WATCH: A Durban institution: Roma Revolving Restaurant celebrates 50 years

The iconic Roma Revolving restaurant, situated on Margaret Mncadi Avenue is celebrating 50 years in existence on Thursday.

A sign on the table setting at Roma Revolving Restaurant. Picture: Jehran Naidoo/ Independent Media

The iconic Roma Revolving restaurant, situated on Margaret Mncadi Avenue is celebrating 50 years in existence on Thursday

Durban – The iconic Roma Revolving restaurant, situated on Margaret Mncadi Avenue is celebrating 50 years in existence on Thursday.

Keeping its old school Italian flair, to an extent, Roma has dished up European favourites since 1972 when Mr Ribero decided to open its doors.

At that time, a 22-year-old named Gino Leopardi had just moved to South Africa in hopes of finding his passion.

On Wednesday evening, IOL caught up with Leopardi, now aged 72, who has managed and co-owned Roma for over 40 years.

“I gave up everything, I used to be a medical student but when I came here, I fell in love with food and South Africa,” Leopardi said.

At 72, one would think that Leopardi is ready to call it quits in the restaurant business, but nothing could be further from the truth. He said his passion and love for serving his customers will not retire any time soon.

Leopardi worked at the restaurant since it opened in 1972, as a maître d’ before co-owning the place in 1975. At that time, the owner of Roma owned two branches in Durban.

In 1980, Leopardi became the owner of Roma Revolving together with another partner, whom he ran the business with for the last 43 years.

“Mr Ribero, he asked me ‘Do you want to stay in South Africa?’ I say Mr Ribero, yes, I love South Africa. He said ‘good, because I want you to be my partner’,” Leopardi explained.

After the death of his partner, Mr B Naidoo, who was a long-standing customer, offered to buy the restaurant.

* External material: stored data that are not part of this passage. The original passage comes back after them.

definition prolong :: "('o \<Rightarrow> nat) \<Rightarrow> 'o ident set \<Rightarrow> 'o ident set" where
  "prolong ar E = {(subst r u, subst r v) | u v r m. (u, v) \<in> E \<and> m \<ge> 1 \<and>
      (\<forall>y \<in> vars u \<union> vars v. r y \<in> T_m ar m)}"

definition terms_over :: "('o \<Rightarrow> nat) \<Rightarrow> 'x set \<Rightarrow> ('o, 'x) trm set" where
  "terms_over ar X = {t. wf_trm ar t \<and> vars t \<subseteq> X}"

inductive deriv :: "('o \<Rightarrow> nat) \<Rightarrow> 'o ident set \<Rightarrow> 'x set \<Rightarrow> ('o, 'x) trm \<Rightarrow> ('o, 'x) trm \<Rightarrow> bool"
  for ar E X where
  ax: "(s, t) \<in> E \<Longrightarrow> (\<forall>v \<in> vars s \<union> vars t. r v \<in> terms_over ar X)
        \<Longrightarrow> deriv ar E X (subst r s) (subst r t)"
| refl: "t \<in> terms_over ar X \<Longrightarrow> deriv ar E X t t"
| sym: "deriv ar E X s t \<Longrightarrow> deriv ar E X t s"
| trans: "deriv ar E X s t \<Longrightarrow> deriv ar E X t u \<Longrightarrow> deriv ar E X s u"
| cong: "length ts = ar f \<Longrightarrow> list_all2 (deriv ar E X) ts us \<Longrightarrow> deriv ar E X (App f ts) (App f us)"

definition free_rel :: "('o \<Rightarrow> nat) \<Rightarrow> 'o ident set \<Rightarrow> 'x set \<Rightarrow> ('o, 'x) trm rel" where
  "free_rel ar E X = {(s, t). deriv ar E X s t}"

“He said come and see me, this is my address. Come with a figure, what the numbers are and I will make you an offer,” Leopardi said.

In many ways, Gino Leopardi is the Roma Revolving Restaurant.

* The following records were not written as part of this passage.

text \<open>An A_n(K)-module structure on the K-vector space 'm (scalar multiplication sc)
  is given by K-linear operators X i (multiplication by X_i) and D i (partial_i), i < n,
  satisfying the Weyl algebra relations. The grading (deg X_i = 1, deg partial_i = -1)
  is a family Hom d of subspaces (Hom d = M_d) whose sum is direct and equals M.\<close>

definition graded_weyl_module ::
  "nat \<Rightarrow> ('k::field \<Rightarrow> 'm::ab_group_add \<Rightarrow> 'm) \<Rightarrow> (nat \<Rightarrow> 'm \<Rightarrow> 'm) \<Rightarrow> (nat \<Rightarrow> 'm \<Rightarrow> 'm)
     \<Rightarrow> (int \<Rightarrow> 'm set) \<Rightarrow> bool" where
  "graded_weyl_module n sc X D Hom \<longleftrightarrow>
     vector_space sc \<and>
     (\<forall>i<n. Vector_Spaces.linear sc sc (X i) \<and> Vector_Spaces.linear sc sc (D i)) \<and>
     (\<forall>i<n. \<forall>j<n. \<forall>m. X i (X j m) = X j (X i m)) \<and>
     (\<forall>i<n. \<forall>j<n. \<forall>m. D i (D j m) = D j (D i m)) \<and>
     (\<forall>i<n. \<forall>j<n. \<forall>m. D i (X j m) - X j (D i m) = (if i = j then m else 0)) \<and>
     (\<forall>d. 0 \<in> Hom d \<and> (\<forall>x\<in>Hom d. \<forall>y\<in>Hom d. x + y \<in> Hom d) \<and> (\<forall>k. \<forall>x\<in>Hom d. sc k x \<in> Hom d)) \<and>
     (\<forall>m. \<exists>!c :: int \<Rightarrow> 'm. finite {d. c d \<noteq> 0} \<and> (\<forall>d. c d \<in> Hom d) \<and>
            m = (\<Sum>d\<in>{d. c d \<noteq> 0}. c d)) \<and>
     (\<forall>i<n. \<forall>d. \<forall>m\<in>Hom d. X i m \<in> Hom (d + 1) \<and> D i m \<in> Hom (d - 1))"

text \<open>Euler operator E_n = sum_i X_i partial_i, written with an abstract addition so that
  it applies to any module given by explicit operations.\<close>
definition euler :: "nat \<Rightarrow> ('m \<Rightarrow> 'm \<Rightarrow> 'm) \<Rightarrow> 'm \<Rightarrow> (nat \<Rightarrow> 'm \<Rightarrow> 'm) \<Rightarrow> (nat \<Rightarrow> 'm \<Rightarrow> 'm)
    \<Rightarrow> 'm \<Rightarrow> 'm" where
  "euler n add zero X D z = foldr (\<lambda>i acc. add (X i (D i z)) acc) [0..<n] zero"

definition gen_eulerian ::
  "nat \<Rightarrow> ('k::ring_1 \<Rightarrow> 'm \<Rightarrow> 'm) \<Rightarrow> ('m \<Rightarrow> 'm \<Rightarrow> 'm) \<Rightarrow> 'm \<Rightarrow> (nat \<Rightarrow> 'm \<Rightarrow> 'm)
     \<Rightarrow> (nat \<Rightarrow> 'm \<Rightarrow> 'm) \<Rightarrow> (int \<Rightarrow> 'm set) \<Rightarrow> bool" where
  "gen_eulerian n sc add zero X D Hom \<longleftrightarrow>
     (\<forall>d. \<forall>z\<in>Hom d. \<exists>a::nat. a \<ge> 1 \<and>
        ((\<lambda>w. add (euler n add zero X D w) (sc (- of_int d) w)) ^^ a) z = zero)"

text \<open>Elements of S^{-1}M are equivalence classes of pairs (m, s), s in S, where
  (m,s) ~ (m',s') iff t (s' m - s m') = 0 for some t in S.\<close>

definition loc_rel :: "nat \<Rightarrow> ('k::zero \<Rightarrow> 'm::ab_group_add \<Rightarrow> 'm) \<Rightarrow> (nat \<Rightarrow> 'm \<Rightarrow> 'm)
    \<Rightarrow> 'k mpoly set \<Rightarrow> ('m \<times> 'k mpoly) \<Rightarrow> ('m \<times> 'k mpoly) \<Rightarrow> bool" where
  "loc_rel n sc X S p q \<longleftrightarrow> snd p \<in> S \<and> snd q \<in> S \<and>
     (\<exists>t\<in>S. poly_act n sc X t
        (poly_act n sc X (snd q) (fst p) - poly_act n sc X (snd p) (fst q)) = 0)"

definition loc_class :: "nat \<Rightarrow> ('k::zero \<Rightarrow> 'm::ab_group_add \<Rightarrow> 'm) \<Rightarrow> (nat \<Rightarrow> 'm \<Rightarrow> 'm)
    \<Rightarrow> 'k mpoly set \<Rightarrow> ('m \<times> 'k mpoly) \<Rightarrow> ('m \<times> 'k mpoly) set" where
  "loc_class n sc X S p = {q. loc_rel n sc X S p q}"

definition loc_rep :: "('m \<times> 'k mpoly) set \<Rightarrow> 'm \<times> 'k mpoly" where
  "loc_rep c = (SOME p. p \<in> c)"

definition loc_add where
  "loc_add n sc X S c1 c2 =
     (case loc_rep c1 of (m1, s1) \<Rightarrow> case loc_rep c2 of (m2, s2) \<Rightarrow>
        loc_class n sc X S (poly_act n sc X s2 m1 + poly_act n sc X s1 m2, s1 * s2))"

The old Italian man walking around and personally taking people’s orders in his leather notebook, gives a sense of history and authenticity to the restaurant.

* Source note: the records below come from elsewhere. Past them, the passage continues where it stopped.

text \<open>A Niven-type lemma: if \<open>2 cos \<alpha> = P / Q\<close> in lowest terms, then \<open>Q\<^sup>n 2 cos (n \<alpha>) \<equiv> P\<^sup>n\<close>
  modulo \<open>Q\<close>, so integrality of \<open>2 cos (n \<alpha>)\<close> forces \<open>Q\<close> to divide \<open>P\<^sup>n\<close>.\<close>
lemma two_cos_in_Ints_if_rational:
  fixes \<alpha> :: real
  assumes rat: "2 * cos \<alpha> \<in> \<rat>" and "0 < n" and int: "2 * cos (real n * \<alpha>) \<in> \<int>"
  shows "2 * cos \<alpha> \<in> \<int>"
proof -
  obtain P Q :: int where "0 < Q" "coprime P Q" and PQ: "2 * cos \<alpha> = of_int P / of_int Q"
    using Rats_cases'[OF rat] by metis
  then obtain j where j: "of_int Q ^ n * (2 * cos (real n * \<alpha>)) = of_int j" "Q dvd j - P ^ n"
    using two_cos_mult_denominator_cong[of Q \<alpha> P n] \<open>0 < n\<close> by auto
  obtain N where "2 * cos (real n * \<alpha>) = of_int N"
    using int by (auto elim: Ints_cases)
  then have "of_int j = (of_int (Q ^ n * N) :: real)"
    using j(1) by simp
  then have "j = Q ^ n * N"
    by (simp only: of_int_eq_iff)
  then have "Q dvd P ^ n"
    using dvd_diff[OF _ j(2), of j] \<open>0 < n\<close> by (simp add: dvd_power)
  moreover have "coprime (P ^ n) Q"
    using \<open>coprime P Q\<close> by simp
  ultimately have "is_unit Q"
    using coprime_absorb_right by blast
  then show ?thesis
    using PQ \<open>0 < Q\<close> by simp
qed

lemma two_cos_two_pi_div_Ints:
  assumes "2 * cos (2 * pi / real n) \<in> \<rat>" "0 < n"
  shows "2 * cos (2 * pi / real n) \<in> \<int>"
  using two_cos_in_Ints_if_rational[OF assms] assms(2) by simp

lemma two_cos_two_pi_div_bounds:
  assumes "6 \<le> n"
  shows "1 \<le> 2 * cos (2 * pi / real n)" "2 * cos (2 * pi / real n) < 2"
proof -
  have "0 < 2 * pi / real n" "2 * pi / real n \<le> pi / 3"
    using assms by (simp_all add: field_simps)
  then have "cos (pi / 3) \<le> cos (2 * pi / real n)" "cos (2 * pi / real n) < cos 0"
    by (intro cos_monotone_0_pi_le cos_monotone_0_pi; simp)+
  then show "1 \<le> 2 * cos (2 * pi / real n)" "2 * cos (2 * pi / real n) < 2"
    by (simp_all add: cos_60)
qed

lemma cis_eq_neg_one_power:
  assumes "cis x = (-1) ^ k"
  obtains s :: int where "x = pi * of_int s" "even (s - int k)"
proof -
  have "cis (x - real k * pi) = 1"
    using assms by (simp add: cis_divide[symmetric] DeMoivre[symmetric])
  then have "cos (x - real k * pi) = 1"
    by (simp add: complex_eq_iff)
  then obtain j :: int where "x - real k * pi = of_int j * 2 * pi"
    by (auto simp: cos_one_2pi_int)
  then have "x = pi * of_int (int k + 2 * j)"
    by (simp add: algebra_simps)
  then show thesis
    by (rule that) simp
qed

Telling stories of his homeland and how he grew up in South Africa also give you a sense of nostalgia, as Leopardi mentioned some of the big names that dined at his place

“I have Margaret Thatcher, Jimmy Carter the American President, I have Shah Rukh Khan and Anant Singh, the film producer. I even had Amitabh Bachan eat at my restaurant. I had pictures of them all over. But when I sell, Mr Naidoo’s son said we take the photo’s down because they wanted it more modern.

“But I told them that is the history of the restaurant, it is the legend. You can’t take away its history,” he added, in anguish.

Besides the beach and warm weather, Gino said he loved the diversity of South Africa, and professed his love for Indian women.

“Many years ago, I marry the most beautiful Indian woman … ah … her name was Juanita. Sadly, we got divorced but, I loved her very much,” he added.

The fish and Arrabiata. Picture: Jehran Naidoo/ Independent Media

On the table, we had the fish of the day, prepared with Arrabiata sauce and rice, which was comforting and fresh.

Without a doubt, the vegetarian lasagne (my partner is vegetarian) together with the Parmesan asparagus, stole the show.

Decadent, rich and flavourful, Leopardi didn’t miss with the lasagne dish.

The food was prepared on the dining floor, so it arrived fresh and did not take too long.

The veg lasagne. Picture: Jehran Naidoo/ Independent Media

Admittedly, one factor affecting the restaurant, even after it had survived the Covid-19 pandemic when it had to close for six months, is the level of security at the parking, which Leopardi touched on as well.

“Even though the city is not as safe as it used to be, customers are still coming to my restaurant. If I was in uMhlanga, I guess I would be booked out for three months, but even though I am in Durban, my tables are always full and I thank God for that.

“Everyday I come to work, not saying ‘I have to’ but I say that today, ‘I want to come to work’,” Leopardi said.